Maximum Number of Non-Overlapping Subarrays With Sum Equals Target

Maximum Number of Non-Overlapping Subarrays With Sum Equals Target

What is this problem about?

The Maximum Number of Non-Overlapping Subarrays With Sum Equals Target coding problem asks you to find the maximum number of non-overlapping subarrays in a given array nums where each subarray's sum equals a specified target.

Why is this asked in interviews?

Google frequently asks this type of problem to assess a candidate's understanding of prefix sums combined with hash tables for efficient lookups, and greedy approaches for maximizing counts under non-overlapping constraints. It tests the ability to adapt standard sum-equals-target patterns to more complex scenarios.

Algorithmic pattern used

Prefix Sum with Hash Map and Greedy: Maintain a running prefix sum. Store (prefix_sum, index) pairs in a hash map. When iterating through the array, if current_prefix_sum - target is found in the hash map, it means a subarray ending at the current index with sum target exists. To ensure non-overlapping, after finding such a subarray, greedily "reset" your prefix sum and hash map to only consider elements after this found subarray. This greedy choice (taking the earliest possible subarray) maximizes future opportunities.

Example explanation

nums = [1, 1, 1, 1, 1], target = 2.

1. prefix_sum = 0, map = {0: -1} (dummy entry for sum 0)
2. i = 0, num = 1: prefix_sum = 1. 1 - 2 = -1 not in map. map = {0: -1, 1: 0}.
3. i = 1, num = 1: prefix_sum = 2. 2 - 2 = 0 is in map. Found subarray nums[0..1]. Count = 1. Reset: prefix_sum = 0, map = {0: 1} (new dummy starting after current subarray).
4. i = 2, num = 1: prefix_sum = 1. 1 - 2 = -1 not in map. map = {0: 1, 1: 2}.
5. i = 3, num = 1: prefix_sum = 2. 2 - 2 = 0 is in map. Found subarray nums[2..3]. Count = 2. Reset: prefix_sum = 0, map = {0: 3}.
6. i = 4, num = 1: prefix_sum = 1. 1 - 2 = -1 not in map. map = {0: 3, 1: 4}. Result: 2 non-overlapping subarrays.
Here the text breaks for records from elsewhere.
(* Let $\psi:[0,\infty]\to[0,\infty]$ be a sense-reversing homeomorphism and $\varphi:[0,\infty]\to[0,\infty]$ a monotone function. Then $$[\psi\circ\varphi]^{-1}(\tau)=\varphi^{-1}\circ\psi^{-1}(\tau)\quad\forall\tau\in[0,\infty],$$ $$[\varphi\circ\psi]^{-1}(\tau)\le\psi^{-1}\circ\varphi^{-1}(\tau)\quad\forall\tau\in[0,\infty],$$ and, except for a countable collection of $\tau\in[0,\infty]$, $[\varphi\circ\psi]^{-1}(\tau)=\psi^{-1}\circ\varphi^{-1}(\tau)$. The last equality holds for all $\tau\in[0,\infty]$ if and only if $\varphi$ is strictly monotone.
   Context: Inverse functions of monotone functions are defined as follows: for a non-decreasing $\Phi:[0,\infty]\to[0,\infty]$, $\Phi^{-1}(\tau)=\inf\{t\in[0,\infty]:\Phi(t)\ge\tau\}$; for a non-increasing $\varphi:[0,\infty]\to[0,\infty]$, $\varphi^{-1}(\tau)=\inf\{t\in[0,\infty]:\varphi(t)\le\tau\}$; in both cases $\inf\emptyset=\infty$. *)

theory Defs
  imports "HOL-Analysis.Analysis" "HOL-Library.Extended_Nonnegative_Real"
begin

text \<open>[0,\<infinity>] is modelled by the type ennreal; Inf of the empty set is top = \<infinity>.\<close>

definition inv_incr :: "(ennreal \<Rightarrow> ennreal) \<Rightarrow> ennreal \<Rightarrow> ennreal" where
  "inv_incr F \<tau> = Inf {t. F t \<ge> \<tau>}"

definition inv_decr :: "(ennreal \<Rightarrow> ennreal) \<Rightarrow> ennreal \<Rightarrow> ennreal" where
  "inv_decr f \<tau> = Inf {t. f t \<le> \<tau>}"

text \<open>Generalised inverse of a monotone function; the flag says whether the
  function is regarded as non-decreasing (True) or non-increasing (False).\<close>
definition mono_inv :: "bool \<Rightarrow> (ennreal \<Rightarrow> ennreal) \<Rightarrow> ennreal \<Rightarrow> ennreal" where
  "mono_inv up f = (if up then inv_incr f else inv_decr f)"

definition sense_reversing_homeo :: "(ennreal \<Rightarrow> ennreal) \<Rightarrow> bool" where
  "sense_reversing_homeo \<psi> \<longleftrightarrow> (\<exists>g. homeomorphism UNIV UNIV \<psi> g) \<and> antimono \<psi>"

definition strictly_monotone :: "(ennreal \<Rightarrow> ennreal) \<Rightarrow> bool" where
  "strictly_monotone f \<longleftrightarrow> strict_mono f \<or> (\<forall>x y. x < y \<longrightarrow> f y < f x)"

end

theory Submission
  imports Defs
begin

text \<open>Write \<open>g\<close> for the inverse of \<psi>, which is \<open>inv_decr \<psi>\<close>. Pulling back along the
  order-reversing bijection \<psi> turns infima of preimages into \<open>g\<close> of suprema, so that
  \<open>[\<psi> \<circ> \<phi>]\<^sup>-\<^sup>1 = \<phi>\<^sup>-\<^sup>1 \<circ> g\<close> exactly, while \<open>[\<phi> \<circ> \<psi>]\<^sup>-\<^sup>1(\<tau>)\<close> and \<open>g (\<phi>\<^sup>-\<^sup>1 \<tau>)\<close> are \<open>g\<close>
  of the supremum of the sublevel set and of the infimum of the superlevel set of \<phi> at \<tau>
  (levels measured in the order in which \<phi> is monotone). The two sets cover [0,\<infinity>], so
  that infimum is at most that supremum, with strict inequality exactly when some point of
  the superlevel set lies below some point of the sublevel set, i.e. when \<phi> takes the
  value \<tau> on a nondegenerate interval. Such plateaus contain distinct rationals, so there
  are countably many of them, and there are none iff \<phi> is injective.\<close>

lemma Inf_le_Sup_if_cover:
  fixes A B :: "'a::{complete_linorder, dense_linorder} set"
  assumes "\<And>x. x \<in> A \<or> x \<in> B"
  shows "Inf A \<le> Sup B"
proof (rule dense_le)
  fix x assume "x < Inf A"
  then have "x \<notin> A" using Inf_lower not_le by blast
  then show "x \<le> Sup B" using assms Sup_upper by blast
qed

lemma Inf_less_Sup_iff:
  fixes A B :: "'a::{complete_linorder, dense_linorder} set"
  shows "Inf A < Sup B \<longleftrightarrow> (\<exists>a\<in>A. \<exists>b\<in>B. a < b)"
proof
  assume "Inf A < Sup B"
  then obtain c where "Inf A < c" "c < Sup B" using dense by blast
  then show "\<exists>a\<in>A. \<exists>b\<in>B. a < b" by (auto simp: Inf_less_iff less_Sup_iff intro: less_trans)
next
  assume "\<exists>a\<in>A. \<exists>b\<in>B. a < b"
  then show "Inf A < Sup B" by (meson Inf_lower Sup_upper le_less_trans less_le_trans)
qed

lemma sense_reversing_homeo_le_iff:
  assumes "sense_reversing_homeo \<psi>"
  shows "\<psi> s \<le> \<psi> t \<longleftrightarrow> t \<le> s"
proof -
  obtain g where inv: "\<And>x. g (\<psi> x) = x" and anti: "antimono \<psi>"
    using assms unfolding sense_reversing_homeo_def homeomorphism_def by auto
  show ?thesis
  proof
    assume "\<psi> s \<le> \<psi> t"
    show "t \<le> s"
    proof (rule ccontr)
      assume "\<not> t \<le> s"
      then have "\<psi> t \<le> \<psi> s" using anti by (simp add: antimono_def)
      with \<open>\<psi> s \<le> \<psi> t\<close> have "s = t" using inv by (metis order_antisym)
      with \<open>\<not> t \<le> s\<close> show False by simp
    qed
  qed (use anti in \<open>simp add: antimono_def\<close>)
qed

lemma sense_reversing_homeo_surj:
  "sense_reversing_homeo \<psi> \<Longrightarrow> surj \<psi>"
  unfolding sense_reversing_homeo_def homeomorphism_def by (metis UNIV_I image_eqI surjI)

lemma inv_decr_sense_reversing_homeo_apply:
  assumes "sense_reversing_homeo \<psi>"
  shows "inv_decr \<psi> (\<psi> t) = t"
  unfolding inv_decr_def sense_reversing_homeo_le_iff[OF assms]
  by (metis Inf_atLeast atLeast_def)

lemma sense_reversing_homeo_apply_inv_decr:
  assumes "sense_reversing_homeo \<psi>"
  shows "\<psi> (inv_decr \<psi> \<tau>) = \<tau>"
  using sense_reversing_homeo_surj[OF assms] inv_decr_sense_reversing_homeo_apply[OF assms]
  by (metis surjD)

lemma sense_reversing_homeo_le_iff_inv_decr:
  assumes "sense_reversing_homeo \<psi>"
  shows "\<psi> s \<le> \<tau> \<longleftrightarrow> inv_decr \<psi> \<tau> \<le> s"
  by (metis assms sense_reversing_homeo_apply_inv_decr sense_reversing_homeo_le_iff)

lemma sense_reversing_homeo_ge_iff_inv_decr:
  assumes "sense_reversing_homeo \<psi>"
  shows "\<tau> \<le> \<psi> s \<longleftrightarrow> s \<le> inv_decr \<psi> \<tau>"
  by (metis assms sense_reversing_homeo_apply_inv_decr sense_reversing_homeo_le_iff)

lemma antimono_inv_decr_sense_reversing_homeo:
  assumes "sense_reversing_homeo \<psi>"
  shows "antimono (inv_decr \<psi>)"
proof (rule antimonoI)
  fix a b :: ennreal assume "a \<le> b"
  then have "\<psi> (inv_decr \<psi> a) \<le> \<psi> (inv_decr \<psi> b)"
    by (simp add: sense_reversing_homeo_apply_inv_decr[OF assms])
  then show "inv_decr \<psi> b \<le> inv_decr \<psi> a"
    by (simp add: sense_reversing_homeo_le_iff[OF assms])
qed

lemma inj_inv_decr_sense_reversing_homeo:
  "sense_reversing_homeo \<psi> \<Longrightarrow> inj (inv_decr \<psi>)"
  by (metis injI sense_reversing_homeo_apply_inv_decr)

lemma Inf_preimage_sense_reversing_homeo:
  assumes "sense_reversing_homeo \<psi>"
  shows "Inf {t. \<psi> t \<in> S} = inv_decr \<psi> (Sup S)"
proof (rule antisym)
  have "Sup S \<le> \<psi> (Inf {t. \<psi> t \<in> S})"
  proof (rule Sup_least)
    fix x assume "x \<in> S"
    then have "Inf {t. \<psi> t \<in> S} \<le> inv_decr \<psi> x"
      by (simp add: Inf_lower sense_reversing_homeo_apply_inv_decr[OF assms])
    then show "x \<le> \<psi> (Inf {t. \<psi> t \<in> S})"
      using sense_reversing_homeo_ge_iff_inv_decr[OF assms] by blast
  qed
  then show "Inf {t. \<psi> t \<in> S} \<le> inv_decr \<psi> (Sup S)"
    using sense_reversing_homeo_ge_iff_inv_decr[OF assms] by blast
next
  show "inv_decr \<psi> (Sup S) \<le> Inf {t. \<psi> t \<in> S}"
    by (rule Inf_greatest)
      (simp add: Sup_upper sense_reversing_homeo_le_iff_inv_decr[OF assms, symmetric])
qed

definition dir_le :: "bool \<Rightarrow> 'a::order \<Rightarrow> 'a \<Rightarrow> bool" where
  "dir_le up x y \<longleftrightarrow> (if up then x \<le> y else y \<le> x)"

lemma dir_le_Not: "dir_le (\<not> up) x y \<longleftrightarrow> dir_le up y x"
  by (simp add: dir_le_def)

lemma monotone_dir_le_iff: "monotone (\<le>) (dir_le up) f \<longleftrightarrow> (if up then mono f else antimono f)"
  by (simp add: dir_le_def monotone_def mono_def antimono_def)

lemma mono_inv_False: "mono_inv False f = inv_decr f"
  by (simp add: mono_inv_def)

lemma mono_inv_eq_Inf_dir_le: "mono_inv up f \<tau> = Inf {t. dir_le up \<tau> (f t)}"
  by (simp add: mono_inv_def inv_incr_def inv_decr_def dir_le_def)

lemma dir_le_sense_reversing_homeo_iff:
  assumes "sense_reversing_homeo \<psi>"
  shows "dir_le up (\<psi> s) \<tau> \<longleftrightarrow> dir_le up (inv_decr \<psi> \<tau>) s"
  by (simp add: dir_le_def sense_reversing_homeo_le_iff_inv_decr[OF assms]
      sense_reversing_homeo_ge_iff_inv_decr[OF assms])

lemma mono_inv_sense_reversing_homeo_comp:
  assumes "sense_reversing_homeo \<psi>"
  shows "mono_inv (\<not> up) (\<psi> \<circ> \<phi>) \<tau> = mono_inv up \<phi> (mono_inv False \<psi> \<tau>)"
  unfolding mono_inv_False
  by (simp add: mono_inv_eq_Inf_dir_le dir_le_Not dir_le_sense_reversing_homeo_iff[OF assms])

lemma mono_inv_comp_sense_reversing_homeo_eq:
  assumes "sense_reversing_homeo \<psi>"
  shows "mono_inv (\<not> up) (\<phi> \<circ> \<psi>) \<tau> = inv_decr \<psi> (Sup {s. dir_le up (\<phi> s) \<tau>})"
    and "mono_inv False \<psi> (mono_inv up \<phi> \<tau>) = inv_decr \<psi> (Inf {s. dir_le up \<tau> (\<phi> s)})"
  unfolding mono_inv_False
  by (simp_all add: mono_inv_eq_Inf_dir_le dir_le_Not
      Inf_preimage_sense_reversing_homeo[OF assms, symmetric])

lemma mono_inv_comp_sense_reversing_homeo_le:
  assumes "sense_reversing_homeo \<psi>"
  shows "mono_inv (\<not> up) (\<phi> \<circ> \<psi>) \<tau> \<le> mono_inv False \<psi> (mono_inv up \<phi> \<tau>)"
proof -
  have "Inf {s. dir_le up \<tau> (\<phi> s)} \<le> Sup {s. dir_le up (\<phi> s) \<tau>}"
    by (rule Inf_le_Sup_if_cover) (auto simp: dir_le_def)
  then show ?thesis
    using antimono_inv_decr_sense_reversing_homeo[OF assms]
    by (simp add: mono_inv_comp_sense_reversing_homeo_eq[OF assms] antimonoD)
qed

lemma mono_inv_comp_sense_reversing_homeo_eq_iff:
  assumes "sense_reversing_homeo \<psi>"
  shows "mono_inv (\<not> up) (\<phi> \<circ> \<psi>) \<tau> = mono_inv False \<psi> (mono_inv up \<phi> \<tau>)
    \<longleftrightarrow> \<not> (\<exists>u l. u < l \<and> dir_le up \<tau> (\<phi> u) \<and> dir_le up (\<phi> l) \<tau>)"
proof -
  have "Inf {s. dir_le up \<tau> (\<phi> s)} \<le> Sup {s. dir_le up (\<phi> s) \<tau>}"
    by (rule Inf_le_Sup_if_cover) (auto simp: dir_le_def)
  then have "Sup {s. dir_le up (\<phi> s) \<tau>} = Inf {s. dir_le up \<tau> (\<phi> s)}
      \<longleftrightarrow> \<not> Inf {s. dir_le up \<tau> (\<phi> s)} < Sup {s. dir_le up (\<phi> s) \<tau>}"
    by auto
  then show ?thesis
    using inj_inv_decr_sense_reversing_homeo[OF assms]
    by (auto simp: mono_inv_comp_sense_reversing_homeo_eq[OF assms] inj_eq Inf_less_Sup_iff)
qed

definition plateau_values :: "('a::order \<Rightarrow> 'b) \<Rightarrow> 'b set" where
  "plateau_values f = {\<tau>. \<exists>u l. u < l \<and> f u = \<tau> \<and> f l = \<tau>}"

lemma monotone_dir_le_gap_iff_plateau:
  assumes "monotone (\<le>) (dir_le up) f"
  shows "(\<exists>u l. u < l \<and> dir_le up \<tau> (f u) \<and> dir_le up (f l) \<tau>) \<longleftrightarrow> \<tau> \<in> plateau_values f"
proof
  assume "\<exists>u l. u < l \<and> dir_le up \<tau> (f u) \<and> dir_le up (f l) \<tau>"
  then obtain u l where ul: "u < l" "dir_le up \<tau> (f u)" "dir_le up (f l) \<tau>" by blast
  moreover have "dir_le up (f u) (f l)"
    using assms \<open>u < l\<close> by (simp add: monotone_def)
  ultimately have "f u = \<tau> \<and> f l = \<tau>"
    by (cases up) (simp_all add: dir_le_def, (meson order_antisym order_trans)+)
  with \<open>u < l\<close> show "\<tau> \<in> plateau_values f" by (auto simp: plateau_values_def)
next
  assume "\<tau> \<in> plateau_values f"
  then obtain u l where "u < l" "f u = \<tau>" "f l = \<tau>" by (auto simp: plateau_values_def)
  then show "\<exists>u l. u < l \<and> dir_le up \<tau> (f u) \<and> dir_le up (f l) \<tau>"
    by (metis dir_le_def order_refl)
qed

lemma countable_plateau_values:
  fixes f :: "ennreal \<Rightarrow> 'a::order"
  assumes "monotone (\<le>) (dir_le up) f"
  shows "countable (plateau_values f)"
proof (rule countable_subset)
  show "plateau_values f \<subseteq> f ` range (\<lambda>r. ennreal (real_of_rat r))"
  proof
    fix \<tau> assume "\<tau> \<in> plateau_values f"
    then obtain u l where "u < l" "f u = \<tau>" "f l = \<tau>" by (auto simp: plateau_values_def)
    moreover obtain r where "u < ennreal (real_of_rat r)" "ennreal (real_of_rat r) < l"
      using ennreal_rat_dense[OF \<open>u < l\<close>] by blast
    \<comment> \<open>\<open>f\<close> is squeezed between its equal values at \<open>u\<close> and \<open>l\<close>\<close>
    ultimately have "f (ennreal (real_of_rat r)) = \<tau>"
      using assms unfolding monotone_def dir_le_def
      by (cases up) (metis less_imp_le order_antisym)+
    then show "\<tau> \<in> f ` range (\<lambda>r. ennreal (real_of_rat r))" by blast
  qed
qed simp

lemma plateau_values_eq_empty_iff_inj:
  "plateau_values (f :: 'a::linorder \<Rightarrow> 'b) = {} \<longleftrightarrow> inj f"
  by (auto simp: plateau_values_def inj_def) (metis linorder_neq_iff)

lemma strictly_monotone_iff_inj:
  assumes "monotone (\<le>) (dir_le up) f"
  shows "strictly_monotone f \<longleftrightarrow> inj f"
proof
  assume "strictly_monotone f"
  then show "inj f"
    unfolding strictly_monotone_def by (metis injI linorder_cases order.strict_implies_not_eq strict_mono_eq)
next
  assume "inj f"
  have strict: "if up then f x < f y else f y < f x" if "x < y" for x y
    using assms \<open>inj f\<close> \<open>x < y\<close>
    by (auto simp: monotone_def dir_le_def order.strict_iff_order dest: injD)
  show "strictly_monotone f"
    unfolding strictly_monotone_def strict_mono_def using strict by (cases up) auto
qed

theorem lemma2p5:
  fixes \<psi> \<phi> :: "ennreal \<Rightarrow> ennreal" and up :: bool
  assumes "sense_reversing_homeo \<psi>"
    and "if up then mono \<phi> else antimono \<phi>"
  shows "(\<forall>\<tau>. mono_inv (\<not> up) (\<psi> \<circ> \<phi>) \<tau> = mono_inv up \<phi> (mono_inv False \<psi> \<tau>))
       \<and> (\<forall>\<tau>. mono_inv (\<not> up) (\<phi> \<circ> \<psi>) \<tau> \<le> mono_inv False \<psi> (mono_inv up \<phi> \<tau>))
       \<and> countable {\<tau>. mono_inv (\<not> up) (\<phi> \<circ> \<psi>) \<tau> \<noteq> mono_inv False \<psi> (mono_inv up \<phi> \<tau>)}
       \<and> ((\<forall>\<tau>. mono_inv (\<not> up) (\<phi> \<circ> \<psi>) \<tau> = mono_inv False \<psi> (mono_inv up \<phi> \<tau>))
            \<longleftrightarrow> strictly_monotone \<phi>)"
proof -
  have mono: "monotone (\<le>) (dir_le up) \<phi>"
    using assms(2) by (simp add: monotone_dir_le_iff)
  have exceptions:
    "{\<tau>. mono_inv (\<not> up) (\<phi> \<circ> \<psi>) \<tau> \<noteq> mono_inv False \<psi> (mono_inv up \<phi> \<tau>)} = plateau_values \<phi>"
    by (simp add: mono_inv_comp_sense_reversing_homeo_eq_iff[OF assms(1)]
        monotone_dir_le_gap_iff_plateau[OF mono])
  show ?thesis
    using mono_inv_sense_reversing_homeo_comp[OF assms(1)]
      mono_inv_comp_sense_reversing_homeo_le[OF assms(1)]
      countable_plateau_values[OF mono] strictly_monotone_iff_inj[OF mono]
    unfolding exceptions[symmetric] plateau_values_eq_empty_iff_inj[symmetric]
    by blast
qed

end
Common mistakes candidates make

• Not resetting the prefix sum/hash map: Failing to "reset" after finding a valid subarray will lead to overlapping counts. The problem requires non-overlapping.
• Incorrect map usage: Ensure the map stores the prefix_sum to index mapping correctly, especially the initial (0, -1) entry.
• Complexity: Naive nested loops for all subarrays are O(N^2). Prefix sum with a hash map brings it down to O(N).

Interview preparation tip

For the Array Hash Table Greedy Prefix Sum interview pattern, this problem highlights a common strategy: when a greedy choice maximizes future options (like taking the shortest valid subarray to leave maximum remaining elements), it's often optimal. Master prefix sums and hash map applications for range sum queries.